▸ SOURCE INFORMATION:

(* A region is the closure of the cell cut out by the sign conditions of all lines: a compact
   convex polygon, hence the convex hull of its vertices, each of which lies on two lines.
   Indexing the lattice points by the grid {0..N} \<times> {0..M}, the values of the line equations at
   a fixed point form an affine function of the grid index.  Call a line far if it separates the
   region from the origin.  Two vertices lying only on far lines (or only on near lines) give
   affine functions with the same sign pattern on the grid, each vanishing at two grid points; a
   lattice-point argument shows that such functions have the same zeros, so the vertices
   coincide.  A vertex on lines of both kinds has a supporting line through the origin, and three
   such vertices would need pairwise opposite orientations.  This leaves at most 1 + 1 + 2
   vertices.  Without far lines every vertex is the common point of the lines of one edge of the
   lattice, an axis point such as (0, 1/b). *)

theory Submission
  imports Defs
begin

section \<open>Affine functions on an integer grid\<close>

definition grid :: "int \<Rightarrow> int \<Rightarrow> (int \<times> int) set" where
  "grid N M = {0..N} \<times> {0..M}"

lemma mem_grid [simp]: "(k, j) \<in> grid N M \<longleftrightarrow> 0 \<le> k \<and> k \<le> N \<and> 0 \<le> j \<and> j \<le> M"
  by (simp add: grid_def)

lemma finite_grid [simp]: "finite (grid N M)"
  by (simp add: grid_def)

lemma involution_image_eq:
  "(\<And>x. x \<in> A \<Longrightarrow> f x \<in> A) \<Longrightarrow> (\<And>x. f (f x) = x) \<Longrightarrow> f ` A = A"
  by (metis image_subset_iff subsetI subset_antisym imageI)

lemma reflect_fst_grid: "(\<lambda>(k, j). (N - k, j)) ` grid N M = grid N M"
  by (rule involution_image_eq) auto

lemma reflect_snd_grid: "(\<lambda>(k, j). (k, M - j)) ` grid N M = grid N M"
  by (rule involution_image_eq) auto

lemma reflect_grid: "(\<lambda>(k, j). (N - k, M - j)) ` grid N M = grid N M"
  by (rule involution_image_eq) auto

lemma swap_grid: "prod.swap ` grid M N = grid N M"
  by (simp add: grid_def product_swap)

definition aff :: "real \<Rightarrow> real \<Rightarrow> real \<Rightarrow> int \<times> int \<Rightarrow> real" where
  "aff u v w p = u * of_int (fst p) + v * of_int (snd p) + w"

lemma aff_apply [simp]: "aff u v w (k, j) = u * of_int k + v * of_int j + w"
  by (simp add: aff_def)

lemma aff_comp_reflect_fst: "aff u v w \<circ> (\<lambda>(k, j). (N - k, j)) = aff (- u) v (w + u * of_int N)"
  by (auto simp: fun_eq_iff algebra_simps)

lemma aff_comp_reflect_snd: "aff u v w \<circ> (\<lambda>(k, j). (k, M - j)) = aff u (- v) (w + v * of_int M)"
  by (auto simp: fun_eq_iff algebra_simps)

lemma aff_comp_swap: "aff u v w \<circ> prod.swap = aff v u w"
  by (auto simp: fun_eq_iff algebra_simps)

definition same_signs_on :: "'a set \<Rightarrow> ('a \<Rightarrow> real) \<Rightarrow> ('a \<Rightarrow> real) \<Rightarrow> bool" where
  "same_signs_on A f g \<longleftrightarrow> (\<forall>p\<in>A. 0 \<le> f p \<longleftrightarrow> 0 \<le> g p)"

definition same_zeros_on :: "'a set \<Rightarrow> ('a \<Rightarrow> real) \<Rightarrow> ('a \<Rightarrow> real) \<Rightarrow> bool" where
  "same_zeros_on A f g \<longleftrightarrow> (\<forall>p\<in>A. f p = 0 \<longleftrightarrow> g p = 0)"

definition two_zeros_on :: "'a set \<Rightarrow> ('a \<Rightarrow> real) \<Rightarrow> bool" where
  "two_zeros_on A f \<longleftrightarrow> (\<exists>p\<in>A. \<exists>q\<in>A. p \<noteq> q \<and> f p = 0 \<and> f q = 0)"

lemma same_signs_on_sym: "same_signs_on A f g \<Longrightarrow> same_signs_on A g f"
  by (auto simp: same_signs_on_def)

lemma same_signs_on_trans:
  "same_signs_on A f g \<Longrightarrow> same_signs_on A g h \<Longrightarrow> same_signs_on A f h"
  by (auto simp: same_signs_on_def)

lemma same_signs_on_comp:
  "\<sigma> ` A = B \<Longrightarrow> same_signs_on B f g \<Longrightarrow> same_signs_on A (f \<circ> \<sigma>) (g \<circ> \<sigma>)"
  by (auto simp: same_signs_on_def)

lemma two_zeros_on_comp: "\<sigma> ` A = B \<Longrightarrow> two_zeros_on B f \<Longrightarrow> two_zeros_on A (f \<circ> \<sigma>)"
  unfolding two_zeros_on_def by (smt (verit) comp_apply imageE)

lemma same_zeros_on_comp_iff:
  "\<sigma> ` A = B \<Longrightarrow> same_zeros_on A (f \<circ> \<sigma>) (g \<circ> \<sigma>) \<longleftrightarrow> same_zeros_on B f g"
  by (auto simp: same_zeros_on_def)

lemma same_signs_on_convex_comb:
  assumes "same_signs_on A f g" "0 \<le> t" "t \<le> 1"
  shows "same_signs_on A f (\<lambda>p. (1 - t) * f p + t * g p)"
  unfolding same_signs_on_def
proof
  fix p assume "p \<in> A"
  then have "0 \<le> f p \<longleftrightarrow> 0 \<le> g p" using assms(1) by (simp add: same_signs_on_def)
  moreover have "0 \<le> (1 - t) * f p + t * g p" if "0 \<le> f p" "0 \<le> g p"
    using that assms(2,3) by simp
  moreover have "(1 - t) * f p + t * g p < 0" if "f p < 0" "g p < 0"
  proof (cases "t = 0")
    case False
    then have "t * g p < 0" using that assms(2) by (simp add: mult_pos_neg)
    moreover have "(1 - t) * f p \<le> 0" using that assms(3) by (simp add: mult_nonneg_nonpos)
    ultimately show ?thesis by linarith
  qed (use that in simp)
  ultimately show "0 \<le> f p \<longleftrightarrow> 0 \<le> (1 - t) * f p + t * g p"
    by (meson not_le)
qed

lemma last_zero_of_descending_line:
  assumes "u > 0" "v > 0" and zeros: "two_zeros_on (grid N M) (aff u v w)"
  obtains k j m n where "(k, j) \<in> grid N M" "aff u v w (k, j) = 0"
    "m > 0" "n > 0" "u * of_int m = v * of_int n"
    "(k - m, j + n) \<in> grid N M" "(k + m, j - n) \<notin> grid N M"
proof -
  define T where "T = {p \<in> grid N M. aff u v w p = 0}"
  obtain p q where pq: "p \<in> T" "q \<in> T" "p \<noteq> q"
    using zeros by (auto simp: two_zeros_on_def T_def)
  have fin: "finite (fst ` T)" by (simp add: T_def)
  then have "Max (fst ` T) \<in> fst ` T" using pq(1) by (intro Max_in) auto
  then obtain k j where kj: "(k, j) \<in> T" "k = Max (fst ` T)" by force
  have last: "\<And>p. p \<in> T \<Longrightarrow> fst p \<le> k" using fin kj(2) by simp
  obtain k' j' where kj': "(k', j') \<in> T" "(k', j') \<noteq> (k, j)"
    using pq by (cases p, cases q) auto
  define m where "m = k - k'"
  define n where "n = j' - j"
  have zero: "aff u v w (k, j) = 0" "aff u v w (k', j') = 0" using kj kj' by (simp_all add: T_def)
  then have slope: "u * of_int m = v * of_int n"
    by (simp add: m_def n_def algebra_simps)
  have "k' \<le> k" using last[OF kj'(1)] by simp
  moreover have "k' \<noteq> k"
  proof
    assume "k' = k"
    then have "n = 0" using slope \<open>v > 0\<close> by (simp add: m_def n_def)
    then show False using kj'(2) \<open>k' = k\<close> by (simp add: m_def n_def)
  qed
  ultimately have "m > 0" by (simp add: m_def n_def)
  have "n > 0"
  proof -
    have "0 < v * of_int n" using slope \<open>m > 0\<close> \<open>u > 0\<close> by (metis mult_pos_pos of_int_0_less_iff)
    then show ?thesis using \<open>v > 0\<close> by (simp add: zero_less_mult_iff)
  qed
  have "(k + m, j - n) \<notin> grid N M"
  proof
    assume "(k + m, j - n) \<in> grid N M"
    moreover have "aff u v w (k + m, j - n) = 0"
      using zero(1) slope by (simp add: algebra_simps)
    ultimately have "(k + m, j - n) \<in> T" by (simp add: T_def)
    then have "k + m \<le> k" using last by fastforce
    then show False using \<open>m > 0\<close> by simp
  qed
  moreover have "(k - m, j + n) \<in> grid N M" using kj' by (simp add: m_def n_def T_def)
  moreover have "(k, j) \<in> grid N M" using kj(1) by (simp add: T_def)
  ultimately show thesis using that zero(1) slope \<open>m > 0\<close> \<open>n > 0\<close> by blast
qed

▸ WHAT THE EXERCISE ASKS:
The line with "by (simp add: grid_def product_swap)" is the last to include; transcribe exactly every line from the top of the material above down to it.

▸ SOLVED EXERCISE:
(* A region is the closure of the cell cut out by the sign conditions of all lines: a compact
   convex polygon, hence the convex hull of its vertices, each of which lies on two lines.
   Indexing the lattice points by the grid {0..N} \<times> {0..M}, the values of the line equations at
   a fixed point form an affine function of the grid index.  Call a line far if it separates the
   region from the origin.  Two vertices lying only on far lines (or only on near lines) give
   affine functions with the same sign pattern on the grid, each vanishing at two grid points; a
   lattice-point argument shows that such functions have the same zeros, so the vertices
   coincide.  A vertex on lines of both kinds has a supporting line through the origin, and three
   such vertices would need pairwise opposite orientations.  This leaves at most 1 + 1 + 2
   vertices.  Without far lines every vertex is the common point of the lines of one edge of the
   lattice, an axis point such as (0, 1/b). *)

theory Submission
  imports Defs
begin

section \<open>Affine functions on an integer grid\<close>

definition grid :: "int \<Rightarrow> int \<Rightarrow> (int \<times> int) set" where
  "grid N M = {0..N} \<times> {0..M}"

lemma mem_grid [simp]: "(k, j) \<in> grid N M \<longleftrightarrow> 0 \<le> k \<and> k \<le> N \<and> 0 \<le> j \<and> j \<le> M"
  by (simp add: grid_def)

lemma finite_grid [simp]: "finite (grid N M)"
  by (simp add: grid_def)

lemma involution_image_eq:
  "(\<And>x. x \<in> A \<Longrightarrow> f x \<in> A) \<Longrightarrow> (\<And>x. f (f x) = x) \<Longrightarrow> f ` A = A"
  by (metis image_subset_iff subsetI subset_antisym imageI)

lemma reflect_fst_grid: "(\<lambda>(k, j). (N - k, j)) ` grid N M = grid N M"
  by (rule involution_image_eq) auto

lemma reflect_snd_grid: "(\<lambda>(k, j). (k, M - j)) ` grid N M = grid N M"
  by (rule involution_image_eq) auto

lemma reflect_grid: "(\<lambda>(k, j). (N - k, M - j)) ` grid N M = grid N M"
  by (rule involution_image_eq) auto

lemma swap_grid: "prod.swap ` grid M N = grid N M"
  by (simp add: grid_def product_swap)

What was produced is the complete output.